# Problem details
Print, exactly as they appear in the listing below, the lines from the line with "by (simp add: algebra_simps)" to the line with "using has_real_derivative_along_line[OF H]", with both end lines kept.

# Data for processing

lemma jacobian_of_field_along_line:
  assumes field: "\<And>y. mass_action alpha beta \<kappa> y = h y *\<^sub>R w"
    and h: "(h has_derivative H) (at x)"
  shows "jacobian alpha beta \<kappa> x *v u = H u *\<^sub>R w"
proof -
  have lin: "linear H"
    using h has_derivative_linear by blast
  have entry: "jacobian alpha beta \<kappa> x $ i $ l = w $ i * H (axis l 1)" for i l
  proof -
    have "((\<lambda>t. h (\<chi> k. if k = l then t else x$k) * w $ i) has_real_derivative H (axis l 1) * w $ i)
        (at (x$l))"
      by (intro DERIV_cmult_right has_real_derivative_along_coordinate h)
    then show ?thesis
      by (simp add: jacobian_def field DERIV_imp_deriv mult.commute)
  qed
  have "H u = H (\<Sum>l\<in>UNIV. u $ l *\<^sub>R axis l 1)"
    using basis_expansion[of u] by (simp add: scalar_mult_eq_scaleR)
  also have "\<dots> = (\<Sum>l\<in>UNIV. u $ l * H (axis l 1))"
    by (simp add: linear_sum[OF lin] linear_scale[OF lin])
  finally show ?thesis
    by (simp add: vec_eq_iff matrix_vector_mult_def entry sum_distrib_left mult_ac)
qed

lemma stable_imp_derivative_along_line_neg:
  assumes S: "stoich_space alpha beta = range (\<lambda>t. t *\<^sub>R w)" and "w \<noteq> 0"
    and field: "\<And>y. mass_action alpha beta \<kappa> y = h y *\<^sub>R w"
    and h: "(h has_derivative H) (at x)"
    and stable: "stable_steady_state alpha beta \<kappa> x"
  shows "H w < 0"
proof -
  let ?J = "jacobian alpha beta \<kappa> x"
  have J: "?J *v u = H u *\<^sub>R w" for u
    using jacobian_of_field_along_line[OF field h] .
  have "w \<in> stoich_space alpha beta"
    using S by (metis rangeI scaleR_one)
  then have "w \<in> (\<lambda>u. ?J *v u) ` stoich_space alpha beta"
    using stable by (simp add: stable_steady_state_def nondegenerate_def)
  then obtain u where "u \<in> stoich_space alpha beta" and "w = ?J *v u"
    by blast
  then obtain t where u: "u = t *\<^sub>R w"
    using S by blast
  have "w = ?J *v u" by fact
  also have "\<dots> = H u *\<^sub>R w"
    by (rule J)
  also have "H u = t * H w"
    using u linear_scale[OF has_derivative_linear[OF h]] by simp
  finally have "H w \<noteq> 0"
    using \<open>w \<noteq> 0\<close> by (metis mult_zero_right scale_zero_left)
  have "\<And>\<mu>. is_eigenvalue ?J \<mu> \<Longrightarrow> \<mu> \<noteq> 0 \<Longrightarrow> Re \<mu> < 0"
    using stable unfolding stable_steady_state_def by blast
  from this[OF is_eigenvalue_of_real[OF J \<open>w \<noteq> 0\<close>]] show ?thesis
    using \<open>H w \<noteq> 0\<close> by simp
qed

lemma compat_class_diff_eq_scaled_column:
  assumes "x \<in> compat_class alpha beta a r1 c" and "y \<in> compat_class alpha beta a r1 c"
    and "stoich_matrix alpha beta $ a $ r1 \<noteq> 0"
  shows "y - x =
    ((y$a - x$a) / stoich_matrix alpha beta $ a $ r1) *\<^sub>R column r1 (stoich_matrix alpha beta)"
  unfolding vec_eq_iff
proof
  fix k
  let ?N = "stoich_matrix alpha beta"
  show "(y - x) $ k = (((y$a - x$a) / ?N $ a $ r1) *\<^sub>R column r1 ?N) $ k"
  proof (cases "k = a")
    case False
    with assms(1,2)
    have "?N $ k $ r1 * x $ a - ?N $ a $ r1 * x $ k = ?N $ k $ r1 * y $ a - ?N $ a $ r1 * y $ k"
      by (simp add: compat_class_def)
    then have "?N $ a $ r1 * (y - x) $ k = ?N $ k $ r1 * (y$a - x$a)"
      by (simp add: right_diff_distrib)
    then show ?thesis
      using assms(3) by (simp add: column_def nonzero_eq_divide_eq mult.commute)
  qed (use assms(3) in \<open>simp add: column_def\<close>)
qed

lemma convex_compat_class:
  fixes alpha beta :: "'s::finite \<Rightarrow> 'r::finite \<Rightarrow> nat"
  shows "convex (compat_class alpha beta a r1 c)"
proof (rule convexI)
  fix x y :: "real^'s" and u v :: real
  assume "x \<in> compat_class alpha beta a r1 c" "y \<in> compat_class alpha beta a r1 c"
    and "0 \<le> u" "0 \<le> v" "u + v = 1"
  let ?N = "stoich_matrix alpha beta" and ?z = "u *\<^sub>R x + v *\<^sub>R y"
  have x: "0 \<le> x $ i" "i \<noteq> a \<Longrightarrow> ?N $ i $ r1 * x $ a - ?N $ a $ r1 * x $ i = c i" for i
    using \<open>x \<in> _\<close> by (auto simp: compat_class_def)
  have y: "0 \<le> y $ i" "i \<noteq> a \<Longrightarrow> ?N $ i $ r1 * y $ a - ?N $ a $ r1 * y $ i = c i" for i
    using \<open>y \<in> _\<close> by (auto simp: compat_class_def)
  have "0 \<le> ?z $ i" for i
    using x y \<open>0 \<le> u\<close> \<open>0 \<le> v\<close> by simp
  moreover have "?N $ i $ r1 * ?z $ a - ?N $ a $ r1 * ?z $ i = c i" if "i \<noteq> a" for i
  proof -
    have "?N $ i $ r1 * ?z $ a - ?N $ a $ r1 * ?z $ i
        = u * (?N $ i $ r1 * x $ a - ?N $ a $ r1 * x $ i)
          + v * (?N $ i $ r1 * y $ a - ?N $ a $ r1 * y $ i)"
      by (simp add: algebra_simps)
    also have "\<dots> = (u + v) * c i"
      using x(2) y(2) that by (simp add: distrib_right)
    finally show ?thesis
      using \<open>u + v = 1\<close> by simp
  qed
  ultimately show "?z \<in> compat_class alpha beta a r1 c"
    by (simp add: compat_class_def)
qed

lemma stable_steady_states_enclose_zero:
  fixes alpha beta :: "'s::finite \<Rightarrow> 'r::finite \<Rightarrow> nat"
  assumes dim: "dim (stoich_space alpha beta) = 1"
    and pivot: "stoich_matrix alpha beta $ a $ r1 \<noteq> 0"
    and "x \<in> compat_class alpha beta a r1 c" and "y \<in> compat_class alpha beta a r1 c" and "x \<noteq> y"
    and stable: "stable_steady_state alpha beta \<kappa> x" "stable_steady_state alpha beta \<kappa> y"
  obtains r where "0 < r" and "r < 1" and "mass_action alpha beta \<kappa> ((1 - r) *\<^sub>R x + r *\<^sub>R y) = 0"
proof -
  define d where "d = y - x"
  have "d \<in> stoich_space alpha beta"
    unfolding d_def compat_class_diff_eq_scaled_column[OF assms(3,4) pivot]
    by (intro subspace_scale subspace_stoich_space column_in_stoich_space)
  moreover have "d \<noteq> 0"
    using \<open>x \<noteq> y\<close> by (simp add: d_def)
  ultimately have S: "stoich_space alpha beta = range (\<lambda>t. t *\<^sub>R d)"
    using subspace_eq_line_if_dim_1[OF subspace_stoich_space dim] by blast
  obtain h where field: "\<And>z. mass_action alpha beta \<kappa> z = h z *\<^sub>R d"
    and diff: "\<And>z. h differentiable (at z)"
    using mass_action_along_line[OF S] by blast
  define \<psi> where "\<psi> t = h (x + t *\<^sub>R d)" for t
  have ends: "x + 0 *\<^sub>R d = x" "x + 1 *\<^sub>R d = y"
    by (simp_all add: d_def)
  have "\<psi> t = 0 \<and> (\<exists>s. (\<psi> has_real_derivative s) (at t) \<and> s < 0)"
    if "stable_steady_state alpha beta \<kappa> (x + t *\<^sub>R d)" for t
  proof
    show "\<psi> t = 0"
      using that field[of "x + t *\<^sub>R d"] \<open>d \<noteq> 0\<close>
      by (simp add: \<psi>_def stable_steady_state_def nondegenerate_def steady_state_def)
    obtain H where H: "(h has_derivative H) (at (x + t *\<^sub>R d))"
      using diff unfolding differentiable_def by blast
    show "\<exists>s. (\<psi> has_real_derivative s) (at t) \<and> s < 0"
      unfolding \<psi>_def
      using has_real_derivative_along_line[OF H]
        stable_imp_derivative_along_line_neg[OF S \<open>d \<noteq> 0\<close> field H that] by blast
  qed
  then obtain s0 s1 where "\<psi> 0 = 0" "(\<psi> has_real_derivative s0) (at 0)" "s0 < 0"
    and "\<psi> 1 = 0" "(\<psi> has_real_derivative s1) (at 1)" "s1 < 0"
    using stable ends by metis
  moreover have "continuous_on UNIV h"
    by (intro differentiable_imp_continuous_on differentiable_at_imp_differentiable_on diff)
  then have "continuous_on {0..1} \<psi>"
    unfolding \<psi>_def
    by (intro continuous_on_compose2[OF \<open>continuous_on UNIV h\<close>] continuous_intros) auto
  ultimately obtain r where "0 < r" "r < 1" "\<psi> r = 0"
    using zero_between_zeros_with_negative_slopes[of 0 1 \<psi>] by auto
  moreover have "x + r *\<^sub>R d = (1 - r) *\<^sub>R x + r *\<^sub>R y"
    by (simp add: d_def algebra_simps)
  ultimately show thesis
    using that field \<open>d \<noteq> 0\<close> by (simp add: \<psi>_def)
qed

lemma stable_steady_states_enclose_steady_state:
  fixes alpha beta :: "'s::finite \<Rightarrow> 'r::finite \<Rightarrow> nat"
  assumes "dim (stoich_space alpha beta) = 1"
    and "stoich_matrix alpha beta $ a $ r1 \<noteq> 0"
    and x: "x \<in> compat_class alpha beta a r1 c" "positive_steady_state alpha beta \<kappa> x"
      "stable_steady_state alpha beta \<kappa> x"
    and y: "y \<in> compat_class alpha beta a r1 c" "positive_steady_state alpha beta \<kappa> y"
      "stable_steady_state alpha beta \<kappa> y"
    and "x $ a < y $ a"
  shows "\<exists>z \<in> compat_class alpha beta a r1 c.
           positive_steady_state alpha beta \<kappa> z \<and> x $ a < z $ a \<and> z $ a < y $ a"
proof -
  obtain r where "0 < r" "r < 1" and zero: "mass_action alpha beta \<kappa> ((1 - r) *\<^sub>R x + r *\<^sub>R y) = 0"
    using stable_steady_states_enclose_zero[OF assms(1,2) x(1) y(1) _ x(3) y(3)] \<open>x $ a < y $ a\<close>
    by auto
  define z where "z = (1 - r) *\<^sub>R x + r *\<^sub>R y"
  show ?thesis
  proof (intro bexI conjI)
    show "z \<in> compat_class alpha beta a r1 c"
      unfolding z_def using convexD[OF convex_compat_class x(1) y(1)] \<open>0 < r\<close> \<open>r < 1\<close> by simp
    have "0 < z $ i" for i
    proof -
      have "0 < x $ i" "0 < y $ i"
        using x(2) y(2) by (simp_all add: positive_steady_state_def)
      with \<open>0 < r\<close> \<open>r < 1\<close> show ?thesis
        unfolding z_def by (auto intro!: add_nonneg_pos mult_pos_pos)
    qed
    then show "positive_steady_state alpha beta \<kappa> z"
      using zero by (simp add: positive_steady_state_def steady_state_def z_def less_imp_le)
    have "0 < r * (y $ a - x $ a)" "0 < (1 - r) * (y $ a - x $ a)"
      using \<open>x $ a < y $ a\<close> \<open>0 < r\<close> \<open>r < 1\<close> by simp_all
    then show "x $ a < z $ a" "z $ a < y $ a"
      unfolding z_def by (simp_all add: algebra_simps)
  qed
qed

# Exercise result
      by (simp add: algebra_simps)
    also have "\<dots> = (u + v) * c i"
      using x(2) y(2) that by (simp add: distrib_right)
    finally show ?thesis
      using \<open>u + v = 1\<close> by simp
  qed
  ultimately show "?z \<in> compat_class alpha beta a r1 c"
    by (simp add: compat_class_def)
qed

lemma stable_steady_states_enclose_zero:
  fixes alpha beta :: "'s::finite \<Rightarrow> 'r::finite \<Rightarrow> nat"
  assumes dim: "dim (stoich_space alpha beta) = 1"
    and pivot: "stoich_matrix alpha beta $ a $ r1 \<noteq> 0"
    and "x \<in> compat_class alpha beta a r1 c" and "y \<in> compat_class alpha beta a r1 c" and "x \<noteq> y"
    and stable: "stable_steady_state alpha beta \<kappa> x" "stable_steady_state alpha beta \<kappa> y"
  obtains r where "0 < r" and "r < 1" and "mass_action alpha beta \<kappa> ((1 - r) *\<^sub>R x + r *\<^sub>R y) = 0"
proof -
  define d where "d = y - x"
  have "d \<in> stoich_space alpha beta"
    unfolding d_def compat_class_diff_eq_scaled_column[OF assms(3,4) pivot]
    by (intro subspace_scale subspace_stoich_space column_in_stoich_space)
  moreover have "d \<noteq> 0"
    using \<open>x \<noteq> y\<close> by (simp add: d_def)
  ultimately have S: "stoich_space alpha beta = range (\<lambda>t. t *\<^sub>R d)"
    using subspace_eq_line_if_dim_1[OF subspace_stoich_space dim] by blast
  obtain h where field: "\<And>z. mass_action alpha beta \<kappa> z = h z *\<^sub>R d"
    and diff: "\<And>z. h differentiable (at z)"
    using mass_action_along_line[OF S] by blast
  define \<psi> where "\<psi> t = h (x + t *\<^sub>R d)" for t
  have ends: "x + 0 *\<^sub>R d = x" "x + 1 *\<^sub>R d = y"
    by (simp_all add: d_def)
  have "\<psi> t = 0 \<and> (\<exists>s. (\<psi> has_real_derivative s) (at t) \<and> s < 0)"
    if "stable_steady_state alpha beta \<kappa> (x + t *\<^sub>R d)" for t
  proof
    show "\<psi> t = 0"
      using that field[of "x + t *\<^sub>R d"] \<open>d \<noteq> 0\<close>
      by (simp add: \<psi>_def stable_steady_state_def nondegenerate_def steady_state_def)
    obtain H where H: "(h has_derivative H) (at (x + t *\<^sub>R d))"
      using diff unfolding differentiable_def by blast
    show "\<exists>s. (\<psi> has_real_derivative s) (at t) \<and> s < 0"
      unfolding \<psi>_def
      using has_real_derivative_along_line[OF H]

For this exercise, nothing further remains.